The platform removed First Street Foundation-generated risk scores from more than a million listings, the New York Times reported. The tool meant to give buyers a clearer read on flood, fire and storm exposure, but many in the industry said it spooked shoppers.
The reversal followed complaints from the California Regional Multiple Listing Service, one of the largest MLS operators in the country, which warned Zillow about what it viewed as inaccurate flood assessments; Zillow relies heavily on the MLS ecosystem for listing data and can’t afford a breakdown in that pipeline.
After the objections, the company stripped the scores but left links to First Street so users can click out for details.

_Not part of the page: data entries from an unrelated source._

lemma partner_pos:
  assumes "0 < p" "p < 1" "0 < t"
  shows "0 < partner t p"
proof -
  have "1 + t\<^sup>2 - 2*p*t = (1-t)\<^sup>2 + 2*t*(1-p)" by algebra
  then have "0 < crit_num t p" unfolding crit_num_def using assms by (simp add: add_nonneg_pos)
  then show ?thesis unfolding partner_def using crit_den_pos assms by simp
qed

lemma partner_less_1_iff:
  assumes "0 < p" "p < 1" "0 \<le> t" "t < 1"
  shows "partner t p < 1 \<longleftrightarrow> t\<^sup>2 < p*(1+2*t)"
proof -
  have "crit_den t p - crit_num t p = (1-t)\<^sup>2 * (p*(1+2*t) - t\<^sup>2)"
    unfolding crit_den_def crit_num_def by algebra
  moreover have "0 < (1-t)\<^sup>2" using assms by simp
  ultimately have "crit_num t p < crit_den t p \<longleftrightarrow> t\<^sup>2 < p*(1+2*t)"
    by (smt (verit) zero_less_mult_iff)
  then show ?thesis unfolding partner_def using crit_den_pos assms by simp
qed

lemma partner_deriv:
  assumes "crit_den t p \<noteq> 0"
  shows "((\<lambda>t. partner t p) has_real_derivative
           2*t*(1-t\<^sup>2)*(p + 3*p*t\<^sup>2 - 3*t*p\<^sup>2 - t^3) / (crit_den t p)\<^sup>2) (at t)"
proof -
  have "((\<lambda>t. partner t p) has_real_derivative
      ((2*t + 4*t^3 - 6*p*t\<^sup>2) * crit_den t p - crit_num t p * (6*t\<^sup>2 - 6*p*t))
        / (crit_den t p * crit_den t p)) (at t)"
    unfolding partner_def crit_num_def crit_den_def using assms[unfolded crit_den_def]
    by (auto intro!: derivative_eq_intros simp: algebra_simps power2_eq_square power3_eq_cube)
  moreover have "(2*t + 4*t^3 - 6*p*t\<^sup>2) * crit_den t p - crit_num t p * (6*t\<^sup>2 - 6*p*t)
      = 2*t*(1-t\<^sup>2)*(p + 3*p*t\<^sup>2 - 3*t*p\<^sup>2 - t^3)"
    unfolding crit_den_def crit_num_def by algebra
  ultimately show ?thesis by (simp add: power2_eq_square)
qed

lemma partner_slope_pos:
  fixes p t :: real
  assumes "0 < p" "p < 1" "0 < t" "t < 1" "t\<^sup>2 < p*(1+2*t)"
  shows "0 < p + 3*p*t\<^sup>2 - 3*t*p\<^sup>2 - t^3"
proof -
  define k e where "k = 1 + 2*t - t\<^sup>2" and "e = p*(1+2*t) - t\<^sup>2"
  have "k*(1+2*t)*(p + 3*p*t\<^sup>2 - 3*t*p\<^sup>2 - t^3)
      = 3*t*k*e*(1-p) + (1+2*t)*(1-t)^3*e + t\<^sup>2*(1+t)*(1-t\<^sup>2)*(1-p)"
    unfolding k_def e_def by algebra
  moreover have "0 < 1 - t\<^sup>2" using one_minus_square_pos[of t] assms by simp
  moreover have "0 < k" "0 < e" unfolding k_def e_def using assms \<open>0 < 1 - t\<^sup>2\<close> by auto
  ultimately have "0 < k*(1+2*t)*(p + 3*p*t\<^sup>2 - 3*t*p\<^sup>2 - t^3)"
    using assms by (simp add: add_pos_pos)
  moreover have "0 < k*(1+2*t)" using \<open>0 < k\<close> assms by simp
  ultimately show ?thesis by (simp add: zero_less_mult_iff)
qed

lemma crit_cubic_pos:
  fixes q t :: real
  assumes "0 < q" "q < 1" "0 < t" "t < 1"
  shows "0 < 2*q + t^3 - q^3 - t*q\<^sup>2 - t\<^sup>2*q"
proof -
  have "2*q + t^3 - q^3 - t*q\<^sup>2 - t\<^sup>2*q = t^3*(1-q) + q*(1-t)*(1-t\<^sup>2) + q*(1-q)*(q+1+t)"
    by algebra
  moreover have "0 < 1 - t\<^sup>2" using one_minus_square_pos[of t] assms by simp
  ultimately show ?thesis using assms by (simp add: add_pos_pos)
qed

lemma G_Phi_partial_q_at_crit:
  assumes "0 < p" "0 < q" "q < 1" "0 \<le> t" "t < 1" "crit t p q = 0"
  shows "(G2 t / p - G1 t) / q\<^sup>2 - 4*(2-q\<^sup>2) / (9*(1-q\<^sup>2)\<^sup>2)
       = 4*(p-t)*t*(2*q + t^3 - q^3 - t*q\<^sup>2 - t\<^sup>2*q) / (9*p*q\<^sup>2*(1-t\<^sup>2)\<^sup>2*(1-q\<^sup>2)\<^sup>2)"
proof -
  define T where "T = t^3*(2-3*p*t+p*t^3)*(1-q\<^sup>2)\<^sup>2 - p*q\<^sup>2*(2-q\<^sup>2)*(1-t\<^sup>2)^3"
  have "crit_den t q * (T - (p-t)*t*(1-t\<^sup>2)*(2*q + t^3 - q^3 - t*q\<^sup>2 - t\<^sup>2*q))
      = (t^3*(t^3-3*t)*(1-q\<^sup>2)\<^sup>2 - q\<^sup>2*(2-q\<^sup>2)*(1-t\<^sup>2)^3
         - t*(1-t\<^sup>2)*(2*q + t^3 - q^3 - t*q\<^sup>2 - t\<^sup>2*q)) * crit t p q"
    unfolding T_def crit_den_def crit_def by algebra
  moreover have "0 < crit_den t q" using crit_den_pos assms by simp
  ultimately have T: "T = (p-t)*t*(1-t\<^sup>2)*(2*q + t^3 - q^3 - t*q\<^sup>2 - t\<^sup>2*q)"
    using assms(6) by simp
  have "0 < 1 - t\<^sup>2" "0 < 1 - q\<^sup>2" using one_minus_square_pos assms by auto
  obtain u z c where u: "u = 1 - t\<^sup>2" and z: "z = 1 - q\<^sup>2"
    and c: "c = 2*q + t^3 - q^3 - t*q\<^sup>2 - t\<^sup>2*q" by blast
  have "u \<noteq> 0" "z \<noteq> 0" using u z \<open>0 < 1 - t\<^sup>2\<close> \<open>0 < 1 - q\<^sup>2\<close> by auto
  then have "(G2 t / p - G1 t) / q\<^sup>2 - 4*(2-q\<^sup>2) / (9*(1-q\<^sup>2)\<^sup>2) = 4*T / (9*p*q\<^sup>2*u^3*z\<^sup>2)"
    unfolding G1_def G2_def T_def u[symmetric] z[symmetric] using assms
    by (simp add: field_simps power2_eq_square power3_eq_cube power4_eq_xxxx)
  also have "\<dots> = 4*(p-t)*t*c / (9*p*q\<^sup>2*u\<^sup>2*z\<^sup>2)"
    unfolding T u[symmetric] c[symmetric] using \<open>u \<noteq> 0\<close> \<open>z \<noteq> 0\<close> assms
    by (simp add: field_simps power2_eq_square power3_eq_cube)
  finally show ?thesis unfolding u z c .
qed

lemma mean_gap_deriv_sign:
  assumes "0 < p" "p < 1" "0 < t" "t < 1" "t\<^sup>2 < p*(1+2*t)"
  obtains d where
    "((\<lambda>t. G t p (partner t p) - (Phi p + Phi (partner t p)) / 2) has_real_derivative d) (at t)"
    "sgn d = sgn (p - t)"
proof -
  define q where "q = partner t p"
  define Q' where "Q' = 2*t*(1-t\<^sup>2)*(p + 3*p*t\<^sup>2 - 3*t*p\<^sup>2 - t^3) / (crit_den t p)\<^sup>2"
  define c where "c = 2*q + t^3 - q^3 - t*q\<^sup>2 - t\<^sup>2*q"
  define k where "k = Q' * (4*t*c / (9*p*q\<^sup>2*(1-t\<^sup>2)\<^sup>2*(1-q\<^sup>2)\<^sup>2))"
  have D: "0 < crit_den t p" using crit_den_pos assms by simp
  have q: "0 < q" "q < 1"
    using partner_pos[of p t] partner_less_1_iff[of p t] assms unfolding q_def by auto
  then have "\<bar>q\<bar> < 1" by simp
  have "0 < 1 - t\<^sup>2" "0 < 1 - q\<^sup>2" using one_minus_square_pos q assms by auto
  have "0 < Q'" unfolding Q'_def
    using D assms partner_slope_pos \<open>0 < 1 - t\<^sup>2\<close> by simp
  have dQ: "((\<lambda>t. partner t p) has_real_derivative Q') (at t)"
    unfolding Q'_def using partner_deriv D by simp
  have "crit t p q = 0" using crit_eq_0_iff_partner D unfolding q_def by simp
  \<comment> \<open>so the \<open>x\<close>-partial of \<open>G\<close> vanishes and only the \<open>q\<close>-partials contribute\<close>
  then have dG: "((\<lambda>t. G t p (partner t p)) has_real_derivative Q' * (G2 t / p - G1 t) / q\<^sup>2) (at t)"
    using G_curve_deriv[of t p "\<lambda>t. partner t p", OF _ _ _ dQ] assms q unfolding q_def by simp
  have dPhi: "((\<lambda>t. (Phi p + Phi (partner t p)) / 2) has_real_derivative
      (0 + 8*(2-q\<^sup>2) / (9*(1-q\<^sup>2)\<^sup>2) * Q') / 2) (at t)"
    unfolding q_def
    by (intro DERIV_cdivide DERIV_add DERIV_const DERIV_chain2[OF Phi_deriv dQ]) (use \<open>\<bar>q\<bar> < 1\<close> q_def in simp)
  have "Q' * (G2 t / p - G1 t) / q\<^sup>2 - (0 + 8*(2-q\<^sup>2) / (9*(1-q\<^sup>2)\<^sup>2) * Q') / 2
      = Q' * ((G2 t / p - G1 t) / q\<^sup>2 - 4*(2-q\<^sup>2) / (9*(1-q\<^sup>2)\<^sup>2))"
    using \<open>0 < 1 - q\<^sup>2\<close> by (simp add: field_simps)
  also have "\<dots> = k * (p - t)"
    using G_Phi_partial_q_at_crit[OF assms(1) q(1,2) _ assms(4) \<open>crit t p q = 0\<close>] assms
    unfolding k_def c_def by (simp add: algebra_simps)
  finally have "((\<lambda>t. G t p (partner t p) - (Phi p + Phi (partner t p)) / 2) has_real_derivative
      k * (p - t)) (at t)"
    using DERIV_diff[OF dG dPhi] by simp
  moreover have "0 < c" using crit_cubic_pos q assms unfolding c_def by simp
  then have "0 < k" unfolding k_def
    using \<open>0 < Q'\<close> \<open>0 < 1 - t\<^sup>2\<close> \<open>0 < 1 - q\<^sup>2\<close> q assms by simp
  ultimately show ?thesis using that[of "k * (p - t)"] by (simp add: sgn_mult)
qed

lemma G_crit_less_mean:
  assumes "0 < p" "p < 1" "0 < q" "q < 1" "0 < x" "x < 1" "crit x p q = 0" "x \<noteq> p"
  shows "G x p q < (Phi p + Phi q) / 2"
proof -
  define M where "M t = G t p (partner t p) - (Phi p + Phi (partner t p)) / 2" for t
  have "0 < crit_den x p" using crit_den_pos assms by simp
  then have "partner x p = q" using crit_eq_0_iff_partner assms(7) by simp
  then have "x\<^sup>2 < p*(1+2*x)" using partner_less_1_iff[of p x] assms by simp
  \<comment> \<open>\<open>t\<^sup>2 < p*(1+2*t)\<close> means \<open>partner t p < 1\<close>; it holds at \<open>p\<close> and \<open>x\<close>, hence between by convexity\<close>
  have admissible: "t\<^sup>2 < p*(1+2*t)" if "min p x \<le> t" "t \<le> max p x" for t
  proof (cases "t \<le> p")
    case True
    have "0 < t" "t < 1" using True that assms by auto
    then have "t\<^sup>2 < t" "p \<le> p*(1+2*t)" using assms by (auto simp: power2_eq_square)
    then show ?thesis using True by linarith
  next
    case False
    then have "0 \<le> (x - t)*(x + t - 2*p)" using that by (intro mult_nonneg_nonneg) auto
    moreover have "(x - t)*(x + t - 2*p) = (x\<^sup>2 - p*(1+2*x)) - (t\<^sup>2 - p*(1+2*t))" by algebra
    ultimately show ?thesis using \<open>x\<^sup>2 < p*(1+2*x)\<close> by linarith
  qed
  have deriv: "\<exists>d. (M has_real_derivative d) (at t) \<and> sgn d = sgn (p - t)"
    if "min p x \<le> t" "t \<le> max p x" for t
    using mean_gap_deriv_sign[of p t] admissible[OF that] that assms unfolding M_def by force
  then have "continuous_on {min p x..max p x} M"
    by (intro continuous_at_imp_continuous_on ballI) (metis DERIV_isCont atLeastAtMost_iff)
  have "M p = 0"
    using partner_self G_diag assms unfolding M_def by simp
  moreover have "M x < M p"
  proof (cases "x < p")
    case True
    show ?thesis
    proof (rule DERIV_pos_imp_increasing_open[OF True])
      fix t assume "x < t" "t < p"
      then show "\<exists>d. (M has_real_derivative d) (at t) \<and> 0 < d"
        using deriv[of t] by (auto simp: sgn_1_pos)
    qed (use \<open>continuous_on {min p x..max p x} M\<close> True in simp)
  next
    case False
    then have "p < x" using assms by simp
    show ?thesis
    proof (rule DERIV_neg_imp_decreasing_open[OF \<open>p < x\<close>])
      fix t assume "p < t" "t < x"
      then show "\<exists>d. (M has_real_derivative d) (at t) \<and> d < 0"
        using deriv[of t] by (auto simp: sgn_1_neg)
    qed (use \<open>continuous_on {min p x..max p x} M\<close> \<open>p < x\<close> in simp)
  qed
  ultimately show ?thesis using \<open>partner x p = q\<close> partner_self assms unfolding M_def by simp
qed

lemma tanh_cos_bounds:
  assumes "0 < r" "\<alpha> \<in> {0..<pi/2}"
  shows "0 < tanh r * cos \<alpha>" "tanh r * cos \<alpha> < 1"
proof -
  have "0 < cos \<alpha>" "cos \<alpha> \<le> 1" using assms by (auto intro: cos_gt_zero_pi)
  moreover have "0 < tanh r" "tanh r < 1" using assms tanh_real_lt_1 by auto
  ultimately show "0 < tanh r * cos \<alpha>" "tanh r * cos \<alpha> < 1"
    by (auto intro: le_less_trans[OF mult_left_le])
qed

lemma g_eq_G_angles:
  assumes "0 < r" "\<alpha> \<in> {0..<pi/2}" "\<beta> \<in> {0..<pi/2}" "0 \<le> l"
  shows "g r l \<alpha> \<beta> = G (tanh (l/2)) (tanh r * cos \<alpha>) (tanh r * cos \<beta>)"
  using g_eq_G tanh_cos_bounds assms by (metis less_irrefl mult_zero_left mult_zero_right)

lemma f_eq_G_max:
  assumes "0 < r" "\<alpha> \<in> {0..<pi/2}" "\<beta> \<in> {0..<pi/2}" "0 \<le> x" "x < 1"
    and "\<And>y. 0 \<le> y \<Longrightarrow> y < 1 \<Longrightarrow> G y (tanh r * cos \<alpha>) (tanh r * cos \<beta>)
                                      \<le> G x (tanh r * cos \<alpha>) (tanh r * cos \<beta>)"
  shows "f r \<alpha> \<beta> = G x (tanh r * cos \<alpha>) (tanh r * cos \<beta>)"
proof -
  define m where "m = 2 * artanh x"
  have m: "0 \<le> m" "tanh (m/2) = x"
    using tanh_artanh_real[of x] assms tanh_real_nonneg_iff[of "artanh x"] unfolding m_def by auto
  have "g r l \<alpha> \<beta> \<le> g r m \<alpha> \<beta>" if "0 \<le> l" for l
    using that m assms g_eq_G_angles tanh_real_lt_1[of "l/2"] by simp
  then have "f r \<alpha> \<beta> = g r m \<alpha> \<beta>"
    unfolding f_def using m by (intro cSup_eq_maximum) auto
  then show ?thesis using g_eq_G_angles assms m by simp
qed

lemma g_diag_strict_max:
  assumes "0 < r" "\<alpha> \<in> {0..<pi/2}" "0 \<le> l" "l \<noteq> 2 * artanh (tanh r * cos \<alpha>)"
  shows "g r l \<alpha> \<alpha> < g r (2 * artanh (tanh r * cos \<alpha>)) \<alpha> \<alpha>"
proof -
  define p where "p = tanh r * cos \<alpha>"
  define m where "m = 2 * artanh p"
  have p: "0 < p" "p < 1" using tanh_cos_bounds[OF assms(1,2)] unfolding p_def by simp_all
  then have "\<bar>p\<bar> < 1" by simp
  have "tanh (artanh p) = p" using tanh_artanh_real[OF \<open>\<bar>p\<bar> < 1\<close>] .
  then have "tanh (m/2) = p" "0 \<le> m"
    using p tanh_real_nonneg_iff[of "artanh p"] unfolding m_def by simp_all
  have "tanh (l/2) \<noteq> p" using tanh_half_eq_iff[OF \<open>\<bar>p\<bar> < 1\<close>, of l] assms(4) unfolding p_def by simp
  have "g r l \<alpha> \<alpha> = G (tanh (l/2)) p p" using g_eq_G_angles[OF assms(1,2,2,3)] unfolding p_def .
  also have "\<dots> < G p p p"
    using G_diag_max[OF p] \<open>tanh (l/2) \<noteq> p\<close> assms(3) tanh_real_lt_1[of "l/2"] by simp
  also have "\<dots> = g r m \<alpha> \<alpha>"
    using g_eq_G_angles[OF assms(1,2,2) \<open>0 \<le> m\<close>] \<open>tanh (m/2) = p\<close> unfolding p_def by simp
  finally show ?thesis unfolding m_def p_def .
qed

CRMLS chief executive officer Art Carter argued that plastering a specific flood probability onto a single home can distort its value and choke demand. Agents echoed that concern on the ground, with one saying a potential buyer canceled a long-distance trip to view a property after seeing the flood risk rating.
Sellers have been just as frustrated, with no ability to challenge or remove scores that they insist mislabel their homes.

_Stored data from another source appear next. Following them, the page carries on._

locale v_continuity_scheme =
  fixes S p :: nat and m :: "nat \<Rightarrow> nat"
    and M K C :: "nat \<Rightarrow> real mat"
    and \<gamma> \<Delta>t :: real
    and d v :: "nat \<Rightarrow> nat \<Rightarrow> real vec"
    and lam :: "nat \<Rightarrow> real vec"
  assumes dimM: "\<And>i. i \<in> {1..S} \<Longrightarrow> M i \<in> carrier_mat (m i) (m i)"
    and dimK: "\<And>i. i \<in> {1..S} \<Longrightarrow> K i \<in> carrier_mat (m i) (m i)"
    and dimC: "\<And>i. i \<in> {1..S} \<Longrightarrow> C i \<in> carrier_mat p (m i)"
    and Mspd: "\<And>i. i \<in> {1..S} \<Longrightarrow> sym_pos_def (M i)"
    and Kspsd: "\<And>i. i \<in> {1..S} \<Longrightarrow> sym_pos_semidef (K i)"
    and Crank: "vec_space.rank p (hblock p S C) = p"
    and gam: "0 \<le> \<gamma>" "\<gamma> \<le> 1"
    and dt: "\<Delta>t > 0"
    and stab: "\<gamma> < 1/2 \<Longrightarrow> (\<forall>i \<in> {1..S}. \<Delta>t * (1 - 2*\<gamma>) * omega_max (K i) (M i) < 2)"
    and dimd: "\<And>i n. i \<in> {1..S} \<Longrightarrow> d i n \<in> carrier_vec (m i)"
    and dimv: "\<And>i n. i \<in> {1..S} \<Longrightarrow> v i n \<in> carrier_vec (m i)"
    and diml: "\<And>n. lam n \<in> carrier_vec p"
    and eq1: "\<And>i n. i \<in> {1..S} \<Longrightarrow>
               M i *\<^sub>v v i n + K i *\<^sub>v d i n = transpose_mat (C i) *\<^sub>v lam n"
    and eq2: "\<And>n r. r < p \<Longrightarrow> (\<Sum>i = 1..S. (C i *\<^sub>v v i n) $ r) = 0"
    and upd: "\<And>i n. i \<in> {1..S} \<Longrightarrow>
               d i (Suc n) = d i n + \<Delta>t \<cdot>\<^sub>v ((1 - \<gamma>) \<cdot>\<^sub>v v i n + \<gamma> \<cdot>\<^sub>v v i (Suc n))"
begin

definition energy_form :: "nat \<Rightarrow> real vec \<Rightarrow> real" where
  "energy_form i x = x \<bullet> (M i *\<^sub>v x) - (1/2 - \<gamma>) * \<Delta>t * (x \<bullet> (K i *\<^sub>v x))"

definition energy :: "nat \<Rightarrow> real" where
  "energy n = (\<Sum>i = 1..S. energy_form i (v i n))"

lemma energy_form_coercive:
  assumes "i \<in> {1..S}"
  shows "\<exists>c>0. \<forall>x\<in>carrier_vec (m i). c * (x \<bullet> x) \<le> energy_form i x"
  unfolding energy_form_def
proof (rule stable_energy_form_coercive[OF dimM[OF assms] dimK[OF assms] Mspd[OF assms] Kspsd[OF assms]])
  assume "0 < (1/2 - \<gamma>) * \<Delta>t"
  then have "\<gamma> < 1/2" using dt by (simp add: zero_less_mult_iff)
  then have "\<Delta>t * (1 - 2 * \<gamma>) * omega_max (K i) (M i) < 2" using stab assms by blast
  then show "(1/2 - \<gamma>) * \<Delta>t * omega_max (K i) (M i) < 1" by (simp add: algebra_simps)
qed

The broader backdrop is a market still struggling to get a grasp on climate exposure. First Street’s models often show far more homes at risk than FEMA maps indicate, and competing portals like Redfin and Realtor.com still display similar data.
“Our models are built on transparent, peer-reviewed science and the full methodologies are publicly available for anyone to review on our website,” First Street CEO Matthew Eby said in a statement.
A Redfin experiment found that surfacing flood-risk ratings directly influenced user behavior and clipped sale prices on high-risk homes by roughly 1 percent. Zillow’s own research suggests high-risk homes move more slowly, though it hasn’t directly tied that to its scoring system.
CRMLS is pressing other platforms to mute certain flood details, escalating a debate over what level of precision is “good enough” when the forecasted events haven’t happened yet. Academics note that forward-looking models, by definition, can’t be validated against historical records at the parcel level.
For now, the industry remains stuck between consumer demand for transparency and the market consequences of putting climate risk front and center.